**Problem statement**
Give the data again exactly, stopping after the "mconj_def by simp" line.

**Information given**
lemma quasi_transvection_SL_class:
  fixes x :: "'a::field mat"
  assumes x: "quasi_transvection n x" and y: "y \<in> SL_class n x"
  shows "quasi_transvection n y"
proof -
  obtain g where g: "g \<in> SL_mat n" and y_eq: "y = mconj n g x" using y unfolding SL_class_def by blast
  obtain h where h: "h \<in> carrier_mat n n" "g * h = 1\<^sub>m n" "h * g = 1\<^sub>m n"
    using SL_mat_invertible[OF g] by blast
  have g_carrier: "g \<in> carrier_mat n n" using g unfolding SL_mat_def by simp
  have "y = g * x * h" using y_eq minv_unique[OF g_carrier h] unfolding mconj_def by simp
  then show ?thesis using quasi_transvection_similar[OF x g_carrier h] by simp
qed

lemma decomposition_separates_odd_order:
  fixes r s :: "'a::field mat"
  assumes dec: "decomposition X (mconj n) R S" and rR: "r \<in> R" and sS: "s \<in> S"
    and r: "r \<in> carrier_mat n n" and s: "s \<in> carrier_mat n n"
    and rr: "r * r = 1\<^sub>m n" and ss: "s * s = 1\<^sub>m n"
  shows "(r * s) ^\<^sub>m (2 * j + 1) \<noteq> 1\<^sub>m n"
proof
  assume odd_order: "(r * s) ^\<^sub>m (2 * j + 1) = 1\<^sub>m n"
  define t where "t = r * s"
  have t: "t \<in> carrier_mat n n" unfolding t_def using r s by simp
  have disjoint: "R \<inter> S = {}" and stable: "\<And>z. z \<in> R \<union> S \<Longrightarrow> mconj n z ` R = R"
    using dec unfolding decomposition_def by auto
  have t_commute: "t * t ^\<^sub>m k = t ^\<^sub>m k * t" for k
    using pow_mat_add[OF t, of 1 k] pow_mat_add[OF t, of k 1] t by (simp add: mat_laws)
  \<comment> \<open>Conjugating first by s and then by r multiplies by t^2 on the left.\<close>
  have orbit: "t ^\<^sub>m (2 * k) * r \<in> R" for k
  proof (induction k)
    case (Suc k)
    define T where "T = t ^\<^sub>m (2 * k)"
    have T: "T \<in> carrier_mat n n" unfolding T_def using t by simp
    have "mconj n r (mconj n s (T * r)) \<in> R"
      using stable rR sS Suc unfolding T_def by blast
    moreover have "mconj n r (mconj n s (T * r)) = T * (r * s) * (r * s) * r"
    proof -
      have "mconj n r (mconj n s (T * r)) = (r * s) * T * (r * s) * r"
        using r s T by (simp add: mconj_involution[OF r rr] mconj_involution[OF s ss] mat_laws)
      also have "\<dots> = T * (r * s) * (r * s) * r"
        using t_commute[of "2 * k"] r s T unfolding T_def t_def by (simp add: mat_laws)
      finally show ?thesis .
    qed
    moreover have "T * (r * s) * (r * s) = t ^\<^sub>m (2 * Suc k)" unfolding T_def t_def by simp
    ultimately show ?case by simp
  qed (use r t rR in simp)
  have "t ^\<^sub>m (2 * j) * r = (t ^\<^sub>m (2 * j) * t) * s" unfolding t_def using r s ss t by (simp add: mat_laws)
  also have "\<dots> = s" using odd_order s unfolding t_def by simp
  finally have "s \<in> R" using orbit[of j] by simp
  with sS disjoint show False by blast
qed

**Worked solution**
lemma quasi_transvection_SL_class:
  fixes x :: "'a::field mat"
  assumes x: "quasi_transvection n x" and y: "y \<in> SL_class n x"
  shows "quasi_transvection n y"
proof -
  obtain g where g: "g \<in> SL_mat n" and y_eq: "y = mconj n g x" using y unfolding SL_class_def by blast
  obtain h where h: "h \<in> carrier_mat n n" "g * h = 1\<^sub>m n" "h * g = 1\<^sub>m n"
    using SL_mat_invertible[OF g] by blast
  have g_carrier: "g \<in> carrier_mat n n" using g unfolding SL_mat_def by simp
  have "y = g * x * h" using y_eq minv_unique[OF g_carrier h] unfolding mconj_def by simp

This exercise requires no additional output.